His platelet count scanned low; he'd lost a lot of blood, and now it was seeping. "Not good, Bird," Favor said. "Not good at all. Computer: Two units human O Positive."

The machines hummed, and she watched as Silvio's veins plumped with fresh plasma, and his skin glowed pink. He shifted again, and Favor quickly adjusted the Chem-coma levels, increasing the meds, until he was still, his breathing deep and even.

Where did people go when Chem-comas carried them aloft? Favor had heard different stories from other doctors and medics, and even patients themselves. Sometimes they went backwards to the past, becoming children again. Sometimes they went to planets that didn't exist, and saw fantastic beasts conjured from their sleeping imaginations.

When she'd interned, Favor saw a patient arrive out from a Chem-coma in tears. "She was there," he'd pleaded, clutching Favor's arm. "Send me back. Oh, please, send me back to her!"

It had been his dead wife, Favor read on his medical chart, and they'd had to ship him to readjustment therapy. In the week that he'd been gone, drifting in his Chem-coma, he'd spent a lifetime with his long-dead wife, raising children, turning old and gray, and then he'd been yanked into reality and had to learn to live without her all over again.

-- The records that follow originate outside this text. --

theorem mainTheorem11:
  fixes p :: nat and f :: "(nat \<Rightarrow> int) \<Rightarrow> (nat \<Rightarrow> int)"
  assumes "prime p"
    and "PI p f"
    and "\<forall>\<chi>\<in>Irr p. f \<chi> \<in> Irr p"
  shows "\<exists>l<p. \<exists>s. aut p s \<and> (\<forall>v\<in>RK p. I_sig p s (I_lam p l (f v)) = v)"
proof -
  have p: "0 < p" "1 < p" using prime_gt_1_nat[OF assms(1)] by simp_all
  obtain \<pi> where \<pi>: "\<forall>a<p. \<pi> a < p" and inj: "inj_on \<pi> {..<p}"
    and f: "\<forall>a<p. f (basis a) = basis (\<pi> a)"
    using PI_all_positive_obtain_perm[OF assms(2,3)] .
  have "\<forall>y<p. in_O p ((\<Sum>a<p. zeta p ^ (\<pi> a + a * y)) / of_nat p)"
    using perfect_in_O_at_generator[of p "mu p f"] mu_perm[of p \<pi> f 1] assms(2) \<pi> f p
    by (simp add: PI_def)
  then obtain c where c: "0 < c" "c < p" and aff: "\<forall>a<p. \<pi> a = (\<pi> 0 + a * c) mod p"
    using perm_affine_if_integral[OF assms(1) \<pi> inj] by blast
  obtain t where ct: "(c * t) mod p = 1" using ex_mult_mod_inverse[OF assms(1) c] .
  have "linear_RK p f" using assms(2) by (simp add: PI_def)
  then have "\<forall>v\<in>RK p. I_sig p (\<lambda>x. (c * x) mod p) (I_lam p ((p - \<pi> 0) mod p) (f v)) = v"
    by (metis I_sig_I_lam_affine_perm_RK[OF p(1) ct \<pi> aff] linear_RK_eq_perm_RK[OF _ f])
  moreover have "(p - \<pi> 0) mod p < p" using p by simp
  ultimately show ?thesis using aut_mult_mod[OF ct] by blast
qed
(* Let $\{s_n\}_{n\ge1}$ and $\{t_n\}_{n\ge1}$ be sequences of positive real numbers such that: (1) $s_n \geq t_n \geq 2$ for all $n\ge1$; (2) $s_{n+1} \geq s_n+t_n$ for all $n\ge1$; (3) $\lim_{n \to \infty}s_n=\infty$. Then \[ \dim_\mathrm{H}\mathbb{E}(\{s_n\},\{t_n\})=\liminf_{n \to\infty}\frac{\sum_{k=1}^n \log t_k}{\sum_{k=1}^{n+1} \log s_k+\log s_{n+1}-\log t_{n+1}}, \] where \[ \mathbb{E}(\{s_n\},\{t_n\}):=\Big\{x\in(0,1)\setminus\mathbb{Q}: s_{n}<d_{n}(x)\leq s_n+t_n \text{ for all } n\geq1\Big\}. \]
   Context: Engel expansion: define $T:[0,1)\to[0,1)$ by $T(0)=0$ and $T(x)=x\lceil 1/x\rceil-1$ for $x\in(0,1)$, where $\lceil y\rceil$ is the least integer not less than $y$. For irrational $x\in(0,1)$ set $d_1(x)=\lceil 1/x\rceil$ and $d_{n+1}(x)=d_1(T^n(x))$ for $n\ge1$; then $x=\sum_{n\ge1}\frac{1}{d_1(x)\cdots d_n(x)}$, with $2\le d_1(x)\le d_2(x)\le\cdots$ and $d_n(x)\to\infty$. The integers $d_n(x)$ are the digits of the Engel expansion of $x$. $\dim_\mathrm{H}$ denotes Hausdorff dimension. *)

theory Defs
  imports "HOL-Analysis.Analysis" "HOL-Library.Liminf_Limsup"
begin

definition engel_T :: "real \<Rightarrow> real" where
  "engel_T x = (if x = 0 then 0 else x * of_int \<lceil>1 / x\<rceil> - 1)"

text \<open>Engel digit d_n(x), meaningful for n >= 1: d_1(x) = ceil(1/x), d_(n+1)(x) = d_1(T^n x).\<close>
definition engel_digit :: "nat \<Rightarrow> real \<Rightarrow> int" where
  "engel_digit n x = \<lceil>1 / ((engel_T ^^ (n - 1)) x)\<rceil>"

definition hausdorff_content :: "real \<Rightarrow> real \<Rightarrow> real set \<Rightarrow> ennreal" where
  "hausdorff_content s \<delta> E =
     (INF U \<in> {U :: nat \<Rightarrow> real set. E \<subseteq> (\<Union>i. U i) \<and>
                 (\<forall>i. bounded (U i) \<and> diameter (U i) \<le> \<delta>)}.
        \<Sum>i. ennreal (diameter (U i) powr s))"

definition hausdorff_measure :: "real \<Rightarrow> real set \<Rightarrow> ennreal" where
  "hausdorff_measure s E = (SUP \<delta> \<in> {0<..}. hausdorff_content s \<delta> E)"

definition hausdorff_dim :: "real set \<Rightarrow> real" where
  "hausdorff_dim E = Inf {s. 0 < s \<and> hausdorff_measure s E = 0}"

definition engel_set :: "(nat \<Rightarrow> real) \<Rightarrow> (nat \<Rightarrow> real) \<Rightarrow> real set" where
  "engel_set s t = {x \<in> {0<..<1} - \<rat>.
      \<forall>n\<ge>1. s n < of_int (engel_digit n x) \<and> of_int (engel_digit n x) \<le> s n + t n}"

end

theory Submission
  imports Defs "HOL-Probability.Probability"
begin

Medicine could be cruel at times.

She rinsed her face and hands once more, and set the alarm on the Kriko-shield. She'd catch a cat nap; if anything went wrong with Silvio, the alarm would page her from her quarters.

"I'm leaving now, Bird," she said. "I need to think up some something for my next MWR memo to the crew. Got any ideas?"

Silvio didn't answer.

Favor hadn't really expected one, anyway.